Pixel based image analyses

Pixel-based image analyses were implemented on the mosaicked images. Some studies (Mahdianpari et al. 2020; Amani et al. 2017; Dlamini et al. 2021a) have highlighted the potential spectral mixing and resulting inaccuracies associated with pixel-based classification, however, This was chosen due to computational limitations associated with object-based analysis in large-scale mapping. Object-based analysis is computationally expensive, and the size of the catchment being modeled in this study would have exceeded the computational capacity of the GEE platform, leading to timeout errors (Gorelick et al. 2017; Shafizadeh-Moghadam et al. 2021). Therefore, the implementation of pixel-based analysis helped mitigate the high computational cost requirements. For the pixel-based analysis, the Random Forest (RF) machine learning algorithm was selected. RF is an ensemble classifier that utilizes subsets of randomly selected training data to construct multiple decision trees (Breiman 2001; Breiman 1996; Dlamini et al. 2021b). Each tree contributes a unit vote, and the class with the highest number of votes determines the classification of a particular object (Breiman 2001). The choice of RF was based on its performance in previous studies, such as Adam et al. (2014); Basheer et al. (2022); Dlamini et al. 2021a); Nitze et al. (2012). RF is particularly suitable for handling significant differentiation within land cover classes and reducing noise in the data (Slagter et al. 2020), and does not require prior knowledge of data distribution, unlike parametric algorithms like the maximum likelihood classifier (Slagter et al. 2020). During the implementation of the pixel-based RF model, the 1420 ground truth points representing different land cover classes (Table 2) were randomly divided using the commonly used split ratio of 70% training data and 30% validation data within the GEE platform. The training data were used to sample areas on the input image corresponding to their locations, and these sampled areas, along with the training points, were used to train the RF classifier. The trained classifier was then applied to classify the mosaicked images.

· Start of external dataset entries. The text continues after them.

(* Let $(Z',d)$ be a metric space and $\gamma:S^1\to Z'$ an injective Lipschitz curve. Then there is a Lipschitz map $\pi=(\pi_1,\pi_2):Z'\to\mathbb{R}^2$ such that $A(\pi\circ\gamma)\neq 0$.
   Context: $S^1$ is identified with $[0,2\pi]$ with endpoints glued. For a Lipschitz closed curve $\eta=(\eta_1,\eta_2):S^1\to\mathbb{R}^2$, its signed area is $A(\eta)=\int_{S^1}\eta_1(t)\eta_2'(t)\,dt$. *)

theory Defs
  imports "HOL-Analysis.Analysis"
begin

text \<open>Closed curves on S^1 are represented as functions on real, parametrised by
  the interval [0, 2 pi] with the endpoints glued (eta 0 = eta (2 pi)).
  For a Lipschitz curve the derivative exists almost everywhere, so the
  value of deriv on the exceptional null set does not affect the integral.\<close>

definition signed_area :: "(real \<Rightarrow> real \<times> real) \<Rightarrow> real" where
  "signed_area \<eta> = integral {0..2*pi} (\<lambda>t. fst (\<eta> t) * deriv (\<lambda>s. snd (\<eta> s)) t)"

end

theory Submission
  imports Defs
begin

During this process, a search was conducted to determine the optimal values for the input parameters of the RF model, namely mtry and ntree. The mtry parameter represents the number of randomly sampled candidate variables, while the ntree parameter indicates the number of trees generated by the RF model based on different bootstrap samples. The search for optimal mtry and ntree values ranged from one to five for mtry and from five hundred to fifteen thousand for ntree. The ntree search interval was five hundred. The ntree search interval was five hundred. The selection of these ranges was guided by similar studies, including Adam et al. (2014); Simioni et al. (2020). The search resulted in 300 combinations of mtry and ntree values through several iterations, and the values that yielded higher overall accuracies were chosen as the optimal parameters.

Accuracy assessment

Accuracy assessment in this study involved the use of five metrics: internal and external Overall Accuracy (OA), Producer’s Accuracy (PA), User’s Accuracy (UA), Commission Errors (CE), and Omission Errors (OE). These metrics provide valuable insights into the performance and reliability of the classification results. OA measures the proportion of correctly classified pixels, providing an overall assessment of accuracy. PA and UA indicate the accuracy of individual land cover types, representing the likelihood that a classified pixel corresponds to the actual feature on the ground (Story and Congalton 1986). CE identifies incorrectly classified sites, while OE quantifies the number of sites that were omitted from the correct class on the map (Mtengwana et al. 2020). To implement the accuracy assessment, the remaining 30% of the data (validation data) was utilized to sample regions on the classified image. These regions, along with the validation points, were used as input files in the GEE cloud computing platform to calculate OA, UA, and PA. Additionally, the files were employed to extract the error matrix, which facilitated the calculation of CE and OE.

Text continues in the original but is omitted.